Building a cloud analytics data warehouse 104: How to orchestrate your ETL in your Cloud Data Warehouse
Building a cloud analytics data warehouse 104: How to orchestrate your ETL in your Cloud Data Warehouse
Series 104: How to orchestrate your ETL in your Cloud Data Warehouse
In previous parts of this series, we've covered what it means to build up a data warehouse, how it can be structured to provide the most value, and what use cases you could potentially cover with such an environment.
An important topic we've not covered currently is the matter of integrating data with your data warehouse or data lake environment and preparing data to the point that it can actually be used for reporting, analysis and other use cases. This part of our series will dive deeper into this topic, covering a number of tools and methods that can help you with integrating data into your cloud data warehouse and preparing your data once it resides in your environment.
As the main focus point of this series is still BigQuery and GCP, we'll also focus the tooling around GCP native and independent tooling.
Data Integration
The concept of data integration focuses on getting the right data into your data warehouse environment. While it's obviously possible to just take an Excel or Google Sheet file and upload it to your environment, the main concept of data integration is that data is imported periodically in an automated way. This means an integration with either API's, file storage environment or other database.
Google Cloud Functions
Google Cloud functions is, as Google explains it themselves, a 'scalable, pay-as-you-go functions as a service (FaaS) product'. It can be used to create custom-code applications in many languages, amongst which Python (often used for data processing applications).
Google cloud functions are meant for relatively short workloads, (10 minutes or 60 minutes max, depending on how the function is initialized), making it interesting for not-too-heavy ETL jobs. On top of this, costs for Google Cloud Functions are generally quite low, as the only payment is being done when a job is actually running.

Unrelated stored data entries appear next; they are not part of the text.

lemma ricci_operator_metric:
  fixes g :: "'a::euclidean_space \<Rightarrow> 'a \<Rightarrow> real"
  assumes g: "metric g" and b: "bilinear br"
  shows "g (ricci_operator g br Y) Z = ricci_tensor g br Y Z"
proof -
  have nabla: "linear (levi_civita g br U)" for U by (rule linear_levi_civita[OF g b])
  have "linear (\<lambda>Z. curvature g br c Y Z)" for c
    unfolding curvature_def
    by (intro linear_compose_sub nabla linear_compose[OF nabla nabla, unfolded o_def])
  then have "linear (\<lambda>Z. curvature g br c Y Z \<bullet> c)" for c
    by (simp add: linear_iff inner_add_left)
  then have "linear (ricci_tensor g br Y)"
    unfolding ricci_tensor_def[abs_def] by (intro linear_compose_sum) auto
  then obtain W where "\<forall>Z. g W Z = ricci_tensor g br Y Z"
    using metric_represents_linear_functional[OF g] by blast
  then have "\<exists>!W. \<forall>Z. g W Z = ricci_tensor g br Y Z"
    using metric_eqI[OF g] by metis
  then show ?thesis unfolding ricci_operator_def by (rule theI'[THEN spec])
qed

context
  fixes br :: "'a::euclidean_space \<Rightarrow> 'a \<Rightarrow> 'a" and g :: "'a \<Rightarrow> 'a \<Rightarrow> real"
    and n a :: "'a set"
  assumes L: "lie_algebra br" and g: "metric g" and iwasawa: "pseudo_iwasawa g br n a"
begin

lemma pseudo_iwasawa_decomp:
  obtains m X where "m \<in> n" "X \<in> a" "x = m + X"
proof -
  have "x \<in> n + a" using iwasawa by (simp add: pseudo_iwasawa_def)
  then show ?thesis using that by (auto elim!: set_plus_elim)
qed

lemma pseudo_iwasawa_bracket_mem: "br Z W \<in> n"
proof -
  have b: "bilinear br" using L by (simp add: lie_algebra_def)
  have n: "subspace n" "\<And>x y. y \<in> n \<Longrightarrow> br x y \<in> n"
    using iwasawa by (auto simp: pseudo_iwasawa_def nilpotent_ideal_def lie_ideal_def)
  obtain z X where z: "z \<in> n" "X \<in> a" "Z = z + X" by (rule pseudo_iwasawa_decomp)
  obtain w Y where w: "w \<in> n" "Y \<in> a" "W = w + Y" by (rule pseudo_iwasawa_decomp)
  have "br X Y = 0" using iwasawa z w by (simp add: pseudo_iwasawa_def abelian_set_def)
  then have "br Z W = br Z w - br Y z"
    using z w lie_bracket_antisym[OF L, of z Y] by (simp add: bilinear_radd[OF b] bilinear_ladd[OF b])
  then show ?thesis using n z w by (simp add: subspace_diff)
qed

lemma pseudo_iwasawa_skew:
  assumes "X \<in> a"
  shows "g (br Z X) V = - g (br X V) Z"
proof -
  have "g (br X Z) V = g Z (br X V)" "bilinear g" "\<And>x y. g x y = g y x"
    using iwasawa g assms by (auto simp: pseudo_iwasawa_def metric_def)
  then show ?thesis using lie_bracket_antisym[OF L, of Z X] bilinear_lneg by metis
qed

lemma pseudo_iwasawa_orthogonal:
  assumes "m \<in> n" "X \<in> a"
  shows "g X m = 0"
proof -
  have "g m X = 0" using iwasawa assms by (simp add: pseudo_iwasawa_def)
  then show ?thesis using g by (simp add: metric_def)
qed

lemma pseudo_iwasawa_complement_eq_0:
  assumes "X \<in> a" and orth: "\<And>Y. Y \<in> a \<Longrightarrow> g X Y = 0"
  shows "X = 0"
proof -
  have gb: "bilinear g" using g by (simp add: metric_def)
  have "g X Z = 0" for Z
  proof -
    obtain m Y where "m \<in> n" "Y \<in> a" "Z = m + Y" by (rule pseudo_iwasawa_decomp)
    then show ?thesis
      using orth pseudo_iwasawa_orthogonal[OF _ \<open>X \<in> a\<close>] by (simp add: bilinear_radd[OF gb])
  qed
  then show ?thesis using g unfolding metric_def by blast
qed

lemma levi_civita_complement_left:
  assumes "X \<in> a"
  shows "levi_civita g br X V = 0"
proof (rule levi_civita_eqI[OF g])
  show "bilinear br" using L by (simp add: lie_algebra_def)
  fix Z
  have "g (br V Z) X = 0"
    using pseudo_iwasawa_orthogonal[OF pseudo_iwasawa_bracket_mem assms] g
    by (simp add: metric_def)
  then show "2 * g 0 Z = koszul g br X V Z"
    using g pseudo_iwasawa_skew[OF assms] by (simp add: koszul_def metric_def bilinear_lzero)
qed

lemma levi_civita_complement_right:
  assumes "Y \<in> a"
  shows "levi_civita g br W Y = br W Y"
proof (rule levi_civita_eqI[OF g])
  show "bilinear br" using L by (simp add: lie_algebra_def)
  fix Z
  have "g (br Z W) Y = 0"
    using pseudo_iwasawa_orthogonal[OF pseudo_iwasawa_bracket_mem assms] g
    by (simp add: metric_def)
  then show "2 * g (br W Y) Z = koszul g br W Y Z"
    using pseudo_iwasawa_skew[OF assms, of W Z] g by (simp add: koszul_def metric_def)
qed

lemma ricci_tensor_complement:
  assumes "X \<in> a" "Y \<in> a"
  shows "ricci_tensor g br X Y = - killing_form br Y X"
proof -
  have b: "bilinear br" using L by (simp add: lie_algebra_def)
  have "levi_civita g br c 0 = 0" for c
    using linear_0[OF linear_levi_civita[OF g b]] .
  then have "curvature g br c X Y = - br (br c X) Y" for c
    using assms by (simp add: curvature_def levi_civita_complement_left levi_civita_complement_right)
  moreover have "br (br c X) Y = br Y (br X c)" for c
    using lie_bracket_antisym[OF L, of "br c X" Y] lie_bracket_antisym[OF L, of c X]
    by (simp add: bilinear_rneg[OF b])
  ultimately show ?thesis
    by (simp add: ricci_tensor_def killing_form_def map_trace_def sum_negf)
qed

end

theorem corollary3p11:
  fixes br :: "'a::euclidean_space \<Rightarrow> 'a \<Rightarrow> 'a"
    and g :: "'a \<Rightarrow> 'a \<Rightarrow> real"
    and n a :: "'a set" and lam :: real
  assumes "lie_algebra br" and "solvable_lie br" and "metric g"
    and "\<forall>X. ricci_operator g br X = lam *\<^sub>R X" and "lam \<noteq> 0"
    and "pseudo_iwasawa g br n a"
  shows "is_nilradical br n"
proof -
  note L = assms(1) and g = assms(3) and iwasawa = assms(6)
  have b: "bilinear br" and gb: "bilinear g" and n: "nilpotent_ideal br n"
    using L g iwasawa by (simp_all add: lie_algebra_def metric_def pseudo_iwasawa_def)
  have "x \<in> n" if I: "nilpotent_ideal br I" and x: "x \<in> I" for I x
  proof -
    obtain m X where mX: "m \<in> n" "X \<in> a" "x = m + X"
      using pseudo_iwasawa_decomp[OF L g iwasawa] .
    have "killing_form br Y X = 0" for Y
      using killing_form_diff_right[OF b, of Y x m] mX(3)
        killing_form_nilpotent_ideal[OF L I x] killing_form_nilpotent_ideal[OF L n mX(1)]
      by simp
    then have "lam * g X Y = 0" if "Y \<in> a" for Y
      using ricci_tensor_complement[OF L g iwasawa mX(2) that] ricci_operator_metric[OF g b, of X Y]
        assms(4) by (simp add: bilinear_lmul[OF gb])
    then have "X = 0"
      using pseudo_iwasawa_complement_eq_0[OF L g iwasawa mX(2)] assms(5) by simp
    then show ?thesis using mX by simp
  qed
  then show ?thesis using n by (simp add: is_nilradical_def subsetI)
qed

end
(* Let $n\ge3$. For $i\ge -1$ let $\mathfrak{M}_i$ be the free $\mathbb{Z}$-module spanned by $\mathcal{N}_i$. Then each $\mathfrak{M}_i$ is a homogeneous subring of $\mathfrak{L}(n)$, and for every $i\ge 0$, \[\mathfrak{M}_i=N_{\mathfrak{L}(n)}(\mathfrak{M}_{i-1})=\mathfrak{N}_i.\]
   Context: Fix an integer $n\ge 3$. A partition is a sequence $\Lambda=(\lambda_j)_{j\ge1}$ of non-negative integers with finite support; $\mathrm{wt}(\Lambda)=\sum_j j\lambda_j$; $\mathrm{Part}(k)$ is the set of partitions with $\lambda_j=0$ for $j>k$. Write $x^\Lambda=\prod_j x_j^{\lambda_j}$, $\deg(x^\Lambda)=\sum_j\lambda_j$, and let $\partial_k$ be the partial derivative with respect to $x_k$. $\mathfrak{L}(n)$ is the free $\mathbb{Z}$-module with basis $\mathcal{B}=\{x^\Lambda\partial_k : 1\le k\le n,\ \Lambda\in\mathrm{Part}(k-1)\}$, a Lie ring with bracket defined on basis elements by $[x^\Lambda\partial_k,x^\Theta\partial_j]=\partial_j(x^\Lambda)x^\Theta\partial_k$ if $j<k$, $-x^\Lambda\partial_k(x^\Theta)\partial_j$ if $j>k$, $0$ if $j=k$, extended bilinearly. A Lie subring is homogeneous if it is the $\mathbb{Z}$-span of a subset of $\mathcal{B}$. For an integer $i\ge-1$, let $r_i\in\{1,\dots,n-1\}$ with $i\equiv r_i\pmod{n-1}$ and $h_i=\lfloor (i-1)/(n-1)\rfloor+1$ (so $i=(h_i-1)(n-1)+r_i$). For a basis element define $\mathrm{WD}(x^\Lambda\partial_k)=\mathrm{wt}(\Lambda)-\deg(x^\Lambda)+n-k$ and $\mathrm{lev}_i(x^\Lambda\partial_k)=h_i\,\mathrm{WD}(x^\Lambda\partial_k)+\deg(x^\Lambda)-1$. For $i\ge -1$, $\mathcal{N}_i=\{b\in\mathcal{B} : \mathrm{lev}_j(b)\le j \text{ for some integer } j \text{ with } -1\le j\le i\}$. The idealizer of a subring $\mathfrak{M}$ is $N_{\mathfrak{L}(n)}(\mathfrak{M})=\{y\in\mathfrak{L}(n): [y,m]\in\mathfrak{M}\ \forall m\in\mathfrak{M}\}$. Define $\mathfrak{N}_{-1}=\mathbb{Z}\partial_1+\dots+\mathbb{Z}\partial_n$ and $\mathfrak{N}_i=N_{\mathfrak{L}(n)}(\mathfrak{N}_{i-1})$ for $i\ge0$. *)

theory Defs
  imports Main
begin

text \<open>Partitions are sequences indexed from 1 (index 0 is forced to be 0).
  A basis element x^Lambda d_k is the pair (Lambda, k).
  Elements of L(n) are finitely supported integer-valued functions on the basis.\<close>

type_synonym part = "nat \<Rightarrow> nat"
type_synonym bas = "part \<times> nat"
type_synonym elt = "bas \<Rightarrow> int"

definition Part :: "nat \<Rightarrow> part set" where
  "Part k = {L. \<forall>j. (j = 0 \<or> j > k) \<longrightarrow> L j = 0}"

definition wt :: "part \<Rightarrow> nat" where
  "wt L = (\<Sum>j\<in>{j. L j \<noteq> 0}. j * L j)"

definition pdeg :: "part \<Rightarrow> nat" where
  "pdeg L = (\<Sum>j\<in>{j. L j \<noteq> 0}. L j)"

definition Bas :: "nat \<Rightarrow> bas set" where
  "Bas n = {(L, k). 1 \<le> k \<and> k \<le> n \<and> L \<in> Part (k - 1)}"

definition supp :: "elt \<Rightarrow> bas set" where
  "supp f = {b. f b \<noteq> 0}"

definition Lring :: "nat \<Rightarrow> elt set" where
  "Lring n = {f. finite (supp f) \<and> supp f \<subseteq> Bas n}"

An interesting part of Cloud Functions is also that they can be triggered by many different types of events. Apart from simple scheduled triggers, they can be triggered by e.g. a file being added to a storage bucket or even the update of a BigQuery table (this is done through the concept of Google's EventArc) The biggest drawbacks of Cloud Functions are the lack of overview of jobs that have run and limited ability to group together jobs in pipelines.
Google Cloud DataProc
Cloud DataProc is the managed Spark service of the Google Cloud Platform. One of the biggest benefits is that the DataProc environment is highly scalable, which, in combination with the parallel nature of Spark jobs, can be a very important performance reason for companies to start using this for their ETL pipelines.
While a lot of benefits may arise from using the performance benefits of Cloud DataProc, the usage of Spark in general has quite a steep learning curve, making it harder for less technical individuals to get into. Also costs may become an issue in DataProc environments, as clusters can grow quite big with bigger amounts of data being handled.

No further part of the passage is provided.